After earning her B.A. in Geology at Yale University in 1976, Dr. Bahr spent 4 years helping communities develop water resources, including 2 years in Mali, West Africa. Her continuing service throughout her career has been recognized by the GSA Hydrogeology Division’s Distinguished Service Award in 2006 and AGU's Ambassador Award in 2017 in recognition of her "outstanding contributions in Earth sciences that benefit society.”

Dr. Bahr is a renowned educator and mentor of students. After earning her MS and PhD from Stanford, in 1987 Dr. Bahr joined the faculty of the University of Wisconsin-Madison. During her long career at Wisconsin, she served as Professor and Chair of the Department of Geology and Geophysics and of the Water Resources Management Program. In 2012 the Association for Women Geoscientists presented Dr. Bahr with their top honor, the AWG Outstanding Educator Award, in recognition of her exemplary dedication to the mentoring and encouragement of young scientists, especially women.

In 2012 Dr. Bahr was appointed by President Obama upon the recommendation of the National Academies as a member of the Nuclear Waste Technical Review Board, an independent federal agency charged with overseeing DOE’s programs to manage the disposal of both defense and commercial radioactive waste. Dr. Bahr took the lead within the Board on topics related to disposal in salt and has also been active in deep hydrogeologic regimes relevant to proposed deep borehole disposal in crystalline rock. In recognition of her scientific knowledge and strong leadership, Dr. Bahr was appointed to a second term and chosen as the next Board Chair, a high honor and responsibility as she reports directly to Congress and the Secretary of Energy. Previously, Dr. Bahr served on the National Research Council’s Board on Radioactive Waste Management (1992-1997) and was part of the NRC panel that made recommendations to EPA for the highly influential drinking water standard for Yucca Mountain.
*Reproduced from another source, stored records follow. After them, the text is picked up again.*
lemma Xi_Cons:
  assumes "r \<noteq> []"
  shows "Xi t (m # r) = (\<lambda>(e, w). e # w) ` (SIGMA e:successors t m. Xi (fst e) r)"
proof (intro set_eqI iffI)
  fix w
  assume w: "w \<in> Xi t (m # r)"
  then obtain e w' where w_eq: "w = e # w'"
    by (cases w) (auto simp: Xi_def)
  with w have "(e, w') \<in> (SIGMA e:successors t m. Xi (fst e) r)"
    by (simp add: Cons_in_Xi_iff[OF assms])
  then show "w \<in> (\<lambda>(e, w). e # w) ` (SIGMA e:successors t m. Xi (fst e) r)"
    unfolding w_eq by (rule rev_image_eqI) simp
next
  fix w
  assume "w \<in> (\<lambda>(e, w). e # w) ` (SIGMA e:successors t m. Xi (fst e) r)"
  then obtain e w' where "w = e # w'" "e \<in> successors t m" "w' \<in> Xi (fst e) r"
    by auto
  then show "w \<in> Xi t (m # r)"
    by (simp add: Cons_in_Xi_iff[OF assms])
qed

lemma finite_Xi: "finite (Xi t a)"
proof (rule finite_subset)
  show "Xi t a \<subseteq> {w. set w \<subseteq> \<Union> (alph ` set a) \<and> length w = length a}"
    by (force simp: Xi_def in_set_conv_nth)
  have "finite (alph m)" for m
    unfolding alph_def by (rule finite_subset[of _ "{T1, T2, T3} \<times> {..m + 1}"]) auto
  then show "finite {w. set w \<subseteq> \<Union> (alph ` set a) \<and> length w = length a}"
    by (intro finite_lists_length_eq) auto
qed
From 2001-2004 Dr. Bahr chaired the first Everglades external peer review, the Committee on Restoration of the Greater Everglades Ecosystem to provide scientific advice to the South Florida Ecosystem Restoration Task Force, setup by the Department of the Interior. With Dr. Bahr as its chair, this landmark interdisciplinary effort evaluated the scientific activities of the existing restoration plan, provided guidance for sound science-based goals and ecological targets for the restoration and made recommendations for a research program to support restoration efforts. Dr. Bahr led committee members in addressing complex and contentious issues at the intersection of society and water resources by collegially working with a wide range of stake holders including restoration project leaders, scientists from many agencies, and representatives from environmental and agricultural organizations. They spent considerable time in Florida on site visits and in regular meetings with representatives from the Army Corps of Engineers, the South Florida Water Management District, and other involved agencies including NOAA, the USGFS, EPA, and the National Park Service. Dr. Bahr’s committee produced six outstanding NRC reports between 2000-2005 addressing issues related to water flow, regional aquifer storage and recovery, and priorities for a proposed plan for adaptive monitoring and assessment

Dr. Bahr served as President of the Geological Society of America (GSA) in 2009-2010 and President of the American Geological Institute in 2016-2017. In addition, she served first as Associate Editor of AGU’s Water Resources Research and currently is one of 8 Editorial Board members, having gained the reputation for a most knowledgeable, dedicated and fair editor who promotes and elevates the impact of the journal while building community. Under Dr. Bahr’s leadership as GSA President, the society finalized position statements on Climate Change, Public Investment in Earth Science Research, Role of Government in Mineral and Energy Resources Research, Expanding and Improving Geoscience in Higher Education, and Importance of Teaching Earth Science and Diversity in the Geoscience Community. In 2006 Dr. Bahr was recognized by GSA’s Hydrogeology Division with the Distinguished Service Award for “her propensity for unconditional commitment and zealous efforts on behalf of others, including students, professional geoscientists, and citizens.” As 2001 Chair of GSA’s Hydrogeology Division she transformed the Division’s Student Reception into a not-to-be-missed extravaganza of professional networking accompanied by a wealth of door prizes well beyond what any previous Chair had even imagined. In 2003 she was selected as Hydrogeology’s Birdsall-Dreiss Distinguished Lecturer. In a 14-month timespan she delivered 64 lectures to universities, large and small. Typically, she followed this service by conceiving and executing a fund-raising effort to carry the Distinguished Lectureship into the future.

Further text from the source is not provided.